1. A glucan-like polysaccharide produced by an exopolysaccharide-producing bacterial strain, said bacterial strain being characterised in that it expresses one or more enzyme-encoding genes of a wss-like operon.
2. A polysaccharide as claimed in claim 1 which is an exopolysaccharide which stains positively with the reagent calcofluor.
3. A polysaccharide as claimed in claim 1 or claim 2 which is a polymer having a polymer backbone comprised mainly of glucose residues linked by glycosidic bonds.
4. A polysaccharide as claimed in claim 3 wherein the polymer backbone contains further non-glucose hexose or derivatised hexose residues.
5. A polysaccharide as claimed in claim 3 or claim 4 wherein one or more of the sugar residues forming the backbone of the polymer are substituted at any position by further hexose or pentose residues, derivatised hexose or pentose residues or other functional groups.

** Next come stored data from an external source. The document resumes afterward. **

lemma qrel_wf_ar: "qrel t t' \<Longrightarrow> wf_tree t \<and> wf_tree t' \<and> ar t = ar t'"
proof (induction rule: qrel.induct)
  case (gen m n)
  then show ?case by (simp add: ar_graft wf_graft wf_qgen)
next
  case (comp t t' s s' i)
  then show ?case by (simp add: ar_graft wf_graft)
qed simp_all

section \<open>The blocks of phi on a node\<close>

fun root_block :: "ftree list \<Rightarrow> nat set" where
  "root_block [] = {}"
| "root_block [t] = {}"
| "root_block (t # t' # ts) = insert (ar t) ((\<lambda>x. x + ar t) ` root_block (t' # ts))"

fun child_blocks :: "ftree list \<Rightarrow> nat set set" where
  "child_blocks [] = {}"
| "child_blocks (t # ts) = phi t \<union> shift_blocks (ar t) (child_blocks ts)"

(* The position to which phi_fill P i ts moves an element p of a block of P. *)
fun fill_shift :: "nat \<Rightarrow> ftree list \<Rightarrow> nat \<Rightarrow> nat" where
  "fill_shift i [] = id"
| "fill_shift i (t # ts) = fill_shift (i + ar t) ts \<circ> comp_shift i (ar t)"

lemma fill_shift_below: "p < i \<Longrightarrow> fill_shift i ts p = p"
  by (induction ts arbitrary: i) (simp_all add: comp_shift_def)

lemma phi_fill_eq:
  assumes "\<forall>t\<in>set ts. \<forall>B\<in>phi t. \<forall>x\<in>B. x < ar t" "1 \<le> i"
  shows "phi_fill P i ts = (`) (fill_shift i ts) ` P \<union> shift_blocks (i - 1) (child_blocks ts)"
  using assms
proof (induction ts arbitrary: P i)
  case (Cons t ts)
  let ?g = "fill_shift (i + ar t) ts" and ?T = "shift_blocks (i - 1) (phi t)"
  have "?g ` B = B" if B: "B \<in> ?T" for B
  proof -
    obtain B' where B': "B' \<in> phi t" "B = (\<lambda>x. x + (i - 1)) ` B'"
      using B unfolding shift_blocks_def by blast
    have "\<forall>x\<in>B'. x < ar t" using Cons.prems(1) B'(1) by simp
    then have "\<forall>x\<in>B. x < i + ar t" using B'(2) by auto
    then have "?g ` B = id ` B" by (intro image_cong) (simp_all add: fill_shift_below)
    then show ?thesis by simp
  qed
  then have "(`) ?g ` ?T = id ` ?T" by (intro image_cong) simp_all
  then have fixed: "(`) ?g ` ?T = ?T" by simp
  have "phi_fill P i (t # ts) = (`) ?g ` ncp_comp P i (ar t) (phi t)
      \<union> shift_blocks (i + ar t - 1) (child_blocks ts)"
    using Cons by simp
  also have "\<dots> = (`) ?g ` (`) (comp_shift i (ar t)) ` P \<union> ?T
      \<union> shift_blocks (i - 1) (shift_blocks (ar t) (child_blocks ts))"
    using Cons.prems(2) fixed by (simp add: ncp_comp_eq image_Un shift_blocks_shift_blocks)
  also have "\<dots> = (`) (fill_shift i (t # ts)) ` P \<union> shift_blocks (i - 1) (child_blocks (t # ts))"
    by (simp add: image_comp shift_blocks_Un Un_assoc)
  finally show ?case .
qed simp

lemma comp_shift_gaps:
  assumes "1 \<le> i" "1 \<le> l"
  shows "comp_shift i a ` {i..<i + l} = insert (i + a - 1) {i + a..<i + a + l - 1}"
proof (intro set_eqI iffI)
  fix y assume "y \<in> comp_shift i a ` {i..<i + l}"
  then show "y \<in> insert (i + a - 1) {i + a..<i + a + l - 1}"
    using assms by (auto simp: comp_shift_def)
next
  fix y assume y: "y \<in> insert (i + a - 1) {i + a..<i + a + l - 1}"
  show "y \<in> comp_shift i a ` {i..<i + l}"
  proof (cases "y = i + a - 1")
    case True
    then show ?thesis using assms by (intro image_eqI[of _ _ i]) (auto simp: comp_shift_def)
  next
    case False
    then show ?thesis using y assms by (intro image_eqI[of _ _ "y + 1 - a"]) (auto simp: comp_shift_def)
  qed
qed

lemma fill_shift_gaps:
  "1 \<le> i \<Longrightarrow> fill_shift i ts ` {i..<i + length ts - 1} = (\<lambda>x. x + (i - 1)) ` root_block ts"
proof (induction ts arbitrary: i rule: root_block.induct)
  case (3 t t' ts)
  let ?a = "ar t" and ?l = "length (t' # ts)"
  have "{i..<i + length (t # t' # ts) - 1} = {i..<i + ?l}" by simp
  then have "fill_shift i (t # t' # ts) ` {i..<i + length (t # t' # ts) - 1}
      = fill_shift (i + ?a) (t' # ts) ` comp_shift i ?a ` {i..<i + ?l}"
    by (simp only: fill_shift.simps(2) image_comp)
  also have "\<dots> = fill_shift (i + ?a) (t' # ts) ` insert (i + ?a - 1) {i + ?a..<i + ?a + ?l - 1}"
    using comp_shift_gaps[OF "3.prems", of ?l ?a] by simp
  also have "\<dots> = insert (i + ?a - 1) (fill_shift (i + ?a) (t' # ts) ` {i + ?a..<i + ?a + ?l - 1})"
    using "3.prems" by (simp del: fill_shift.simps add: fill_shift_below)
  also have "\<dots> = insert (i + ?a - 1) ((\<lambda>x. x + (i + ?a - 1)) ` root_block (t' # ts))"
    using "3.IH"[of "i + ?a"] "3.prems" by (simp del: fill_shift.simps add: add_ac)
  also have "\<dots> = (\<lambda>x. x + (i - 1)) ` root_block (t # t' # ts)"
    using "3.prems" by (auto simp: image_image add_ac)
  finally show ?case .
qed simp_all

lemma phi_Node_eq_if_bounded:
  assumes "wf_tree (Node m ts)" "\<forall>t\<in>set ts. \<forall>B\<in>phi t. \<forall>x\<in>B. x < ar t"
  shows "phi (Node m ts) = insert (root_block ts) (child_blocks ts)"
proof -
  have "{1..m - 1} = {1..<1 + length ts - 1}" using assms(1) by auto
  then have "fill_shift 1 ts ` {1..m - 1} = root_block ts"
    using fill_shift_gaps[of 1 ts] by simp
  then show ?thesis using phi_fill_eq[OF assms(2), of 1 "pgen m"] by (simp add: pgen_def)
qed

6. A method of isolating an exopolysaccharide-producing bacterial strain, which method comprises the steps of:
(a) growing a wild type bacterial strain, the genome of which comprises a wss-like operon, in a static broth culture;
(b) isolating a variant strain having wrinkly spreader morphology; and
(c) optionally, screening colonies of the wrinkly spreader morph obtained in step (b) for the production of complex polysaccharide.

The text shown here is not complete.